Commenting on operating for the first five months of this year, Lader (pictured) said: “2004 is certainly proving to be a better year than 2003, with the so-called quadrennial factors improving growth prospects.
He added: “The European Football Championships, the Athens Olympics, American political advertising and the US presidential elections all add up to a better climate for advertising and marketing services expenditure.”
As well as the US, Asia Pacific remains strong across the board, with recovery in Japan and China, despite previous fears of over-heating. Latin America, driven by Argentina, is also showing signs of significant recovery said the statement.
In contrast however, conditions in Western Europe remain difficult for France, Germany, the UK, Scandinavia, Benelux, Portugal, Greece and Turkey. While things looked more promising for Eastern European countries, including Russia and the CIS, who are performing better than expected.
Worldwide revenues were up nearly 6% for the period January to May 2004, with the UK growing by over 12%, North America up 10%, while Continental Europe grew by 8%. The largest growth over the five month period came from Asia Pacific, Latin America, Africa and the Middle East, who were up over 30%.
Health care and specialists communications experienced the largest growth over the period, up by nearly 19%, followed by advertising and media investment management which was up over 14%. The sector most affected by the recession, public relations and public affairs, finally started to pick up and grew by 7%.
Lader said: “Media investment management continues to be the most buoyant part of the business, along with direct interactive, internet and healthcare activities. While brand advertising continues to grow, along with information, insight & consultancy and branding & identity.”
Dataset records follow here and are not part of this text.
lemma attains_at_independent_pair_traceless:
  assumes "1 < d" and att: "attains_at_independent_pair d T s z" and z: "unit_tuple d z"
  shows "tensor_eval d T (z(0 := basis_vec 1, 1 := basis_vec 1))
       + tensor_eval d T (z(0 := basis_vec 2, 1 := basis_vec 2)) = 0"
proof -
  let ?H = "\<lambda>a b. tensor_eval d T (z(0 := basis_vec a, 1 := basis_vec b))"
  have form: "tensor_eval d T (z(0 := u, 1 := v)) = sym_form2 (?H 1 1) (?H 1 2) (?H 2 2) u v" for u v
    by (rule tensor_eval_sym_form2[OF sym \<open>1 < d\<close>])
  obtain u v where uv: "on_S1 u" "on_S1 v" "det2 u v \<noteq> 0"
    and "sym_form2 (?H 1 1) (?H 1 2) (?H 2 2) u v = s"
    using att form by (metis attains_at_independent_pair_def)
  moreover have "\<bar>sym_form2 (?H 1 1) (?H 1 2) (?H 2 2) a b\<bar> \<le> \<bar>s\<bar>" if "on_S1 a" "on_S1 b" for a b
    using bound[of "z(0 := a, 1 := b)"] z that form[of a b] by (simp add: less_Suc_eq_0_disj)
  ultimately have "?H 2 2 = - ?H 1 1"
    using sym_form2_peak_traceless[OF _ uv _ s] by blast
  then show ?thesis
    by simp
qed

lemma attains_at_independent_pair_slice_traceless:
  assumes "2 \<le> d" and att: "attains_at_independent_pair d T s y" and y: "unit_tuple d y"
    and rest: "rest \<in> idx (d - 2)"
  shows "T (1 # 1 # rest) + T (2 # 2 # rest) = 0"
proof -
  define z where "z k = basis_vec ((1 # 1 # rest) ! k)" for k
  have idx: "i # i' # rest \<in> idx d" if "i \<in> {1, 2}" "i' \<in> {1, 2}" for i i'
    using rest that assms(1) by (auto simp: idx_def)
  then have "unit_tuple d z"
    unfolding z_def by (meson insertI1 nth_idx on_S1_basis_vec)
  moreover from this have "attains_at_independent_pair d T s z"
    by (rule attains_at_independent_pair_unit_tuple[OF att y])
  ultimately have "tensor_eval d T (z(0 := basis_vec 1, 1 := basis_vec 1))
      + tensor_eval d T (z(0 := basis_vec 2, 1 := basis_vec 2)) = 0"
    using attains_at_independent_pair_traceless assms(1) by simp
  moreover have "z(0 := basis_vec i, 1 := basis_vec i) = (\<lambda>k. basis_vec ((i # i # rest) ! k))" for i
    by (auto simp: z_def fun_eq_iff nth_Cons split: nat.split)
  ultimately show ?thesis
    using tensor_eval_basis[OF idx] by simp
qed

end

lemma best_rank_one_approx_nonsym_attains:
  assumes "2 \<le> d" and sym: "sym_tensor d T" and best: "best_rank_one_approx d T a x"
    and nonsym: "\<not> sym_tensor d (rank_one d a x)"
  shows "\<exists>y. unit_tuple d y \<and> attains_at_independent_pair d T a y"
proof -
  have x: "unit_tuple d x"
    using best by (simp add: best_rank_one_approx_def)
  obtain j where j: "j < d" "det2 (x 0) (x j) \<noteq> 0"
    using rank_one_sym_if_parallel[OF _ x] nonsym assms(1) by fastforce
  then have "j \<noteq> 0"
    by (metis det2_def mult.commute diff_self)
  define y where "y = x \<circ> transpose 1 j"
  have "y(0 := x 0, 1 := x j) = y" and y: "unit_tuple d y"
    using \<open>j \<noteq> 0\<close> x j(1) assms(1) by (auto simp: y_def fun_eq_iff transpose_def)
  moreover have "tensor_eval d T y = a"
    using tensor_eval_transpose[OF sym, of 1 j x] assms(1) j(1) best_rank_one_approx_coeff[OF best]
    by (simp add: y_def)
  ultimately have "attains_at_independent_pair d T a y"
    unfolding attains_at_independent_pair_def using x j assms(1) by (metis less_le_trans zero_less_numeral)
  with y show ?thesis
    by blast
qed

theorem lemma5p1:
  fixes d :: nat and T :: "nat list \<Rightarrow> real"
  assumes "d \<ge> 2"
    and "sym_tensor d T"
    and "\<exists>is\<in>idx d. T is \<noteq> 0"
    and "\<exists>a x. best_rank_one_approx d T a x \<and> \<not> sym_tensor d (rank_one d a x)"
  shows "\<forall>rest\<in>idx (d - 2). T (1 # 1 # rest) + T (2 # 2 # rest) = 0"
proof
  fix rest assume rest: "rest \<in> idx (d - 2)"
  obtain a x where best: "best_rank_one_approx d T a x" and nonsym: "\<not> sym_tensor d (rank_one d a x)"
    using assms(4) by blast
  have "a \<noteq> 0"
    using nonsym by (auto simp: sym_tensor_def rank_one_def)
  moreover obtain y where "unit_tuple d y" "attains_at_independent_pair d T a y"
    using best_rank_one_approx_nonsym_attains[OF assms(1,2) best nonsym] by blast
  ultimately show "T (1 # 1 # rest) + T (2 # 2 # rest) = 0"
    using attains_at_independent_pair_slice_traceless[OF assms(2) _ _ assms(1) _ _ rest]
      best_rank_one_approx_bound[OF best] by blast
qed

end
(* Let $S\in\mathcal S_d^2(\kappa)$, let $0<\tau\le\epsilon$ and $\eta\ge\tau+\kappa(\epsilon/2+2\tau)^2$, let $m\ge d+2$, and let $y_1,\dots,y_n$ be pairwise distinct points of $B(S,\tau)$. For $r>0$ and $i\in\{1,\dots,n\}$ let $\mathring G_{i,r}=\#\{j\ne i: y_j\in B(y_i,r)\}$. Define, for $i,j\in\{1,\dots,n\}$, $$\mathring W_{ij}=\sum_{(i_1,\dots,i_{m-2})\in\{1,\dots,n\}^{m-2}}\alpha_d(y_i,y_j,y_{i_1},\dots,y_{i_{m-2}}),\qquad \mathring D_i=\sum_{j=1}^n\mathring W_{ij}.$$ Then for all $i\neq j$, $$\mathbf 1_{\{\|y_i-y_j\|<\epsilon/2\}}\,(\mathring G_{i,\epsilon/2}-1)^{\{m-2\}}\le\mathring W_{ij}\le\mathbf 1_{\{\|y_i-y_j\|<\epsilon\}}\,(\mathring G_{i,\epsilon}-1)^{\{m-2\}},$$ and for all $i$, $$\mathring G_{i,\epsilon/2}\,(\mathring G_{i,\epsilon/2}-1)^{\{m-2\}}\le\mathring D_i\le\mathring G_{i,\epsilon}\,(\mathring G_{i,\epsilon}-1)^{\{m-2\}},$$ where $r^{\{q\}}=r(r-1)\cdots(r-q+1)$.
   Context: $B(x,r)$ is the open Euclidean ball; $B(S,\tau)=\{x\in\mathbb R^D:\mathrm{dist}(x,S)<\tau\}$. $\mathcal A_d$ is the set of $d$-dimensional affine subspaces of $\mathbb R^D$. For $m\ge d+2$ points, $\Lambda_d(z_1,\dots,z_m)=\min_{L\in\mathcal A_d}\max_{j}\mathrm{dist}(z_j,L)$. Given $\epsilon,\eta>0$, the affinity $\alpha_d(z_1,\dots,z_m)$ equals $0$ if $z_1,\dots,z_m$ are not pairwise distinct, and otherwise equals $\mathbf 1\{\mathrm{diam}\{z_1,\dots,z_m\}<\epsilon\}\cdot\mathbf 1\{\Lambda_d(z_1,\dots,z_m)<\eta\}$ (simple kernel). The reach of $S$ is the supremum of $t>0$ such that every $x$ with $\mathrm{dist}(x,S)<t$ has a unique nearest point in $S$. For $1\le d\le D-1$ and $\kappa\ge1$, $\mathcal S_d^2(\kappa)$ is the class of $d$-dimensional connected $C^2$ submanifolds $S\subset(0,1)^D$ without boundary with $1/\kappa\le\mathrm{diam}(S)\le\kappa$ and $\mathrm{reach}(S)\ge1/\kappa$. *)

theory Defs
  imports "HOL-Analysis.Analysis"
begin

definition C2_on :: "'b::euclidean_space set \<Rightarrow> ('b \<Rightarrow> 'a::euclidean_space) \<Rightarrow> bool" where
  "C2_on V f \<longleftrightarrow> (\<exists>f' f''.
      (\<forall>x\<in>V. (f has_derivative blinfun_apply (f' x)) (at x)) \<and>
      (\<forall>x\<in>V. (f' has_derivative blinfun_apply (f'' x)) (at x)) \<and>
      continuous_on V f'' \<and>
      (\<forall>x\<in>V. inj (blinfun_apply (f' x))))"

text \<open>S is an embedded C^2 submanifold without boundary, of dimension DIM('b):
  around every point, S is locally the homeomorphic image of an open subset of 'b
  under a C^2 immersion.\<close>
definition C2_submanifold :: "'b::euclidean_space itself \<Rightarrow> 'a::euclidean_space set \<Rightarrow> bool" where
  "C2_submanifold _ S \<longleftrightarrow> (\<forall>p\<in>S. \<exists>U (V::'b set) \<phi> \<psi>.
      open U \<and> p \<in> U \<and> open V \<and> C2_on V \<phi> \<and> homeomorphism V (S \<inter> U) \<phi> \<psi>)"

definition reach :: "'a::euclidean_space set \<Rightarrow> ereal" where
  "reach S = Sup {ereal t | t. t > 0 \<and>
      (\<forall>x. infdist x S < t \<longrightarrow> (\<exists>!p. p \<in> S \<and> dist x p = infdist x S))}"

text \<open>The class S_d^2(kappa); d = DIM('b), D = DIM('a).\<close>
definition in_class_S2 :: "'b::euclidean_space itself \<Rightarrow> real \<Rightarrow> 'a::euclidean_space set \<Rightarrow> bool" where
  "in_class_S2 B \<kappa> S \<longleftrightarrow> C2_submanifold B S \<and> S \<noteq> {} \<and> connected S \<and> S \<subseteq> box 0 One \<and>
      1 / \<kappa> \<le> diameter S \<and> diameter S \<le> \<kappa> \<and> reach S \<ge> ereal (1 / \<kappa>)"

text \<open>Lambda_d: min over d-dimensional affine subspaces L of max_j dist(z_j, L)
  (the minimum is attained, so we write it as an infimum).\<close>
definition Lambda :: "nat \<Rightarrow> 'a::euclidean_space list \<Rightarrow> real" where
  "Lambda d zs = Inf {Max ((\<lambda>z. infdist z L) ` set zs) | L. affine L \<and> L \<noteq> {} \<and> aff_dim L = int d}"

definition alpha :: "nat \<Rightarrow> real \<Rightarrow> real \<Rightarrow> 'a::euclidean_space list \<Rightarrow> real" where
  "alpha d \<epsilon> \<eta> zs = (if distinct zs \<and> diameter (set zs) < \<epsilon> \<and> Lambda d zs < \<eta> then 1 else 0)"

definition ffall :: "real \<Rightarrow> nat \<Rightarrow> real" where
  "ffall r q = (\<Prod>k<q. r - real k)"

definition Gcount :: "(nat \<Rightarrow> 'a::metric_space) \<Rightarrow> nat \<Rightarrow> nat \<Rightarrow> real \<Rightarrow> real" where
  "Gcount y n i r = real (card {j \<in> {1..n}. j \<noteq> i \<and> y j \<in> ball (y i) r})"

definition Wmat :: "nat \<Rightarrow> real \<Rightarrow> real \<Rightarrow> nat \<Rightarrow> (nat \<Rightarrow> 'a::euclidean_space) \<Rightarrow> nat \<Rightarrow> nat \<Rightarrow> nat \<Rightarrow> real" where
  "Wmat d \<epsilon> \<eta> m y n i j =
     (\<Sum>is \<in> {is. length is = m - 2 \<and> set is \<subseteq> {1..n}}. alpha d \<epsilon> \<eta> (y i # y j # map y is))"

definition Ddeg :: "nat \<Rightarrow> real \<Rightarrow> real \<Rightarrow> nat \<Rightarrow> (nat \<Rightarrow> 'a::euclidean_space) \<Rightarrow> nat \<Rightarrow> nat \<Rightarrow> real" where
  "Ddeg d \<epsilon> \<eta> m y n i = (\<Sum>j=1..n. Wmat d \<epsilon> \<eta> m y n i j)"

end

theory Submission
  imports Defs
begin

(* The upper bounds are pure counting: a tuple with nonzero affinity consists of distinct
   points of diameter < epsilon, so its free indices form a list of distinct
   epsilon-neighbours of y_i other than y_j; there are (G_{i,epsilon} - 1)^{m-2} of them.

   The lower bounds need geometry: every such tuple of (epsilon/2)-neighbours must have
   affinity one, i.e. be eta-flat.  The key fact (tangent_bound) is that S lies within
   kappa |q - p|^2 of its tangent plane at p.  It is proved in three steps:
   (1) near p, a C^2 chart gives a quadratic bound, hence small clear normal balls;
   (2) reach >= 1/kappa lets these clear normal balls grow up to radius 1/(2 kappa),
       via a Brouwer fixed-point argument along the normal ray (normal_clear_extend);
   (3) the clear ball of radius 1/(2 kappa) yields the global quadratic bound. *)

definition unique_nearest :: "'a::euclidean_space set \<Rightarrow> real \<Rightarrow> bool" where
  "unique_nearest S t \<longleftrightarrow> (\<forall>x. infdist x S < t \<longrightarrow> (\<exists>!p. p \<in> S \<and> dist x p = infdist x S))"

lemma reach_unique_nearest:
  assumes "reach S \<ge> ereal c" "r < c"
  shows "\<exists>t>r. unique_nearest S t"
proof -
  have "ereal r < ereal c" using assms(2) by simp
  then have "ereal r < reach S" using assms(1) by (rule less_le_trans)
  then obtain q where "q \<in> {ereal t | t. t > 0 \<and> unique_nearest S t}" "ereal r < q"
    unfolding reach_def unique_nearest_def less_Sup_iff by blast
  then show ?thesis by auto
qed

(* Unique nearest points exist in particular for points of the closure, so S is closed. *)
lemma unique_nearest_closed:
  assumes "unique_nearest S t" "t > 0" "S \<noteq> {}"
  shows "closed S"
proof -
  have "x \<in> S" if "x \<in> closure S" for x
  proof -
    have "infdist x S = 0" using that assms(3) in_closure_iff_infdist_zero by blast
    then have "\<exists>!p. p \<in> S \<and> dist x p = 0"
      using assms(1,2) unfolding unique_nearest_def by metis
    then show ?thesis by auto
  qed
  then show ?thesis using closure_subset_eq by blast
qed

(* The nearest-point map; it is meaningful on a closed nonempty set. *)
definition nearest :: "'a::euclidean_space set \<Rightarrow> 'a \<Rightarrow> 'a" where
  "nearest S x = (SOME p. p \<in> S \<and> dist x p = infdist x S)"

lemma nearest_point:
  assumes "closed S" "S \<noteq> {}"
  shows "nearest S x \<in> S" "dist x (nearest S x) = infdist x S"
proof -
  have "\<exists>p. p \<in> S \<and> dist x p = infdist x S"
    using infdist_attains_inf[OF assms] by metis
  from someI_ex[OF this] show "nearest S x \<in> S" "dist x (nearest S x) = infdist x S"
    unfolding nearest_def by auto
qed

lemma infdist_ge:
  assumes "S \<noteq> {}" "\<And>q. q \<in> S \<Longrightarrow> e \<le> dist x q"
  shows "e \<le> infdist x S"
  unfolding infdist_notempty[OF assms(1)] by (rule cINF_greatest) (use assms in auto)

lemma nearest_eq:
  assumes "unique_nearest S t" "closed S" "S \<noteq> {}" "infdist x S < t" "p \<in> S" "dist x p = infdist x S"
  shows "nearest S x = p"
  using assms nearest_point[OF assms(2,3), of x] unfolding unique_nearest_def by blast

(* The nearest-point map is continuous on the tube: its graph is closed and S is compact. *)
lemma continuous_on_nearest:
  assumes "unique_nearest S t" "compact S" "S \<noteq> {}"
  shows "continuous_on {x. infdist x S < t} (nearest S)"
proof -
  let ?O = "{x. infdist x S < t}"
  have cl: "closed S" using assms compact_imp_closed by blast
  have maps: "nearest S \<in> ?O \<rightarrow> S" using nearest_point[OF cl assms(3)] by blast
  have graph: "(\<lambda>x. (x, nearest S x)) ` ?O = (?O \<times> S) \<inter> {z. dist (fst z) (snd z) - infdist (fst z) S = 0}"
    using nearest_eq[OF assms(1) cl assms(3)] nearest_point[OF cl assms(3)] by (auto simp: image_iff)
  have "closed {z::'a \<times> 'a. dist (fst z) (snd z) - infdist (fst z) S = 0}"
    by (intro closed_Collect_eq continuous_intros continuous_on_infdist)
  then have "closedin (top_of_set (?O \<times> S)) ((\<lambda>x. (x, nearest S x)) ` ?O)"
    unfolding graph by (simp add: closedin_closed_Int)
  then show ?thesis using continuous_closed_graph_eq[OF assms(2) maps] by blast
qed

lemma nearest_segment:
  assumes "unique_nearest S t" "closed S" "S \<noteq> {}" "infdist x S < t" "0 \<le> l" "l \<le> 1"
  shows "nearest S (nearest S x + l *\<^sub>R (x - nearest S x)) = nearest S x"
proof -
  define a where "a = nearest S x"
  define y where "y = a + l *\<^sub>R (x - a)"
  have aS: "a \<in> S" and dxa: "dist x a = infdist x S" using nearest_point[OF assms(2,3)] a_def by auto
  have dya: "dist y a = l * norm (x - a)" using assms(5) by (simp add: y_def dist_norm)
  have "x - y = (1 - l) *\<^sub>R (x - a)" by (simp add: y_def algebra_simps)
  then have dxy: "dist x y = (1 - l) * norm (x - a)" using assms(6) by (simp add: dist_norm)
  have "dist y a \<le> dist y q" if "q \<in> S" for q
  proof -
    have "dist x a \<le> dist x q" using dxa infdist_le[OF that] by simp
    also have "\<dots> \<le> dist x y + dist y q" by (rule dist_triangle)
    finally show ?thesis using dya dxy by (simp add: dist_norm algebra_simps)
  qed
  then have "dist y a \<le> infdist y S" using infdist_ge[OF assms(3)] by blast
  then have eq: "dist y a = infdist y S" using infdist_le[OF aS, of y] by simp
  have "infdist y S \<le> infdist x S"
    using eq dya dxa assms(5,6) infdist_nonneg[of x S]
    by (simp add: dist_norm) (metis mult_left_le_one_le)
  then have "nearest S y = a" using nearest_eq[OF assms(1,2,3) _ aS eq] assms(4) by simp
  then show ?thesis by (simp add: y_def a_def)
qed

definition normal_clear :: "'a::euclidean_space set \<Rightarrow> 'a \<Rightarrow> 'a \<Rightarrow> real \<Rightarrow> bool" where
  "normal_clear S a v t \<longleftrightarrow> (\<forall>q\<in>S. t \<le> dist (a + t *\<^sub>R v) q)"

lemma normal_clear_nearest:
  assumes "unique_nearest S t0" "closed S" "S \<noteq> {}" "a \<in> S" "0 \<le> t" "t < t0" "norm v = 1"
    and "normal_clear S a v t"
  shows "nearest S (a + t *\<^sub>R v) = a" "infdist (a + t *\<^sub>R v) S = t"
proof -
  have d: "dist (a + t *\<^sub>R v) a = t" using assms(5,7) by (simp add: dist_norm)
  have "t \<le> infdist (a + t *\<^sub>R v) S"
    using infdist_ge[OF assms(3)] assms(8) unfolding normal_clear_def by blast
  moreover have "infdist (a + t *\<^sub>R v) S \<le> t" using infdist_le[OF assms(4)] d by metis
  ultimately show inf: "infdist (a + t *\<^sub>R v) S = t" by simp
  show "nearest S (a + t *\<^sub>R v) = a"
    using nearest_eq[OF assms(1,2,3) _ assms(4)] inf d assms(6) by simp
qed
The Group’s operating companies improved productivity during the first five months of 2004, average headcount was down over 2% while revenue per head was up over 4%. Operating margins were ahead of budget, which targeted a full year improvement of 0.8 of a margin point, in line with the Group’s target of 13.8.
The financial strategy of the Group continues to be a focus, with three main objectives in mind; increasing operating profit by 10%-15% per annum, increasing operating margins by up to 1.0 margin points or more per annum and reducing staff cost to revenue ratios by up to 0.6 margin points per annum.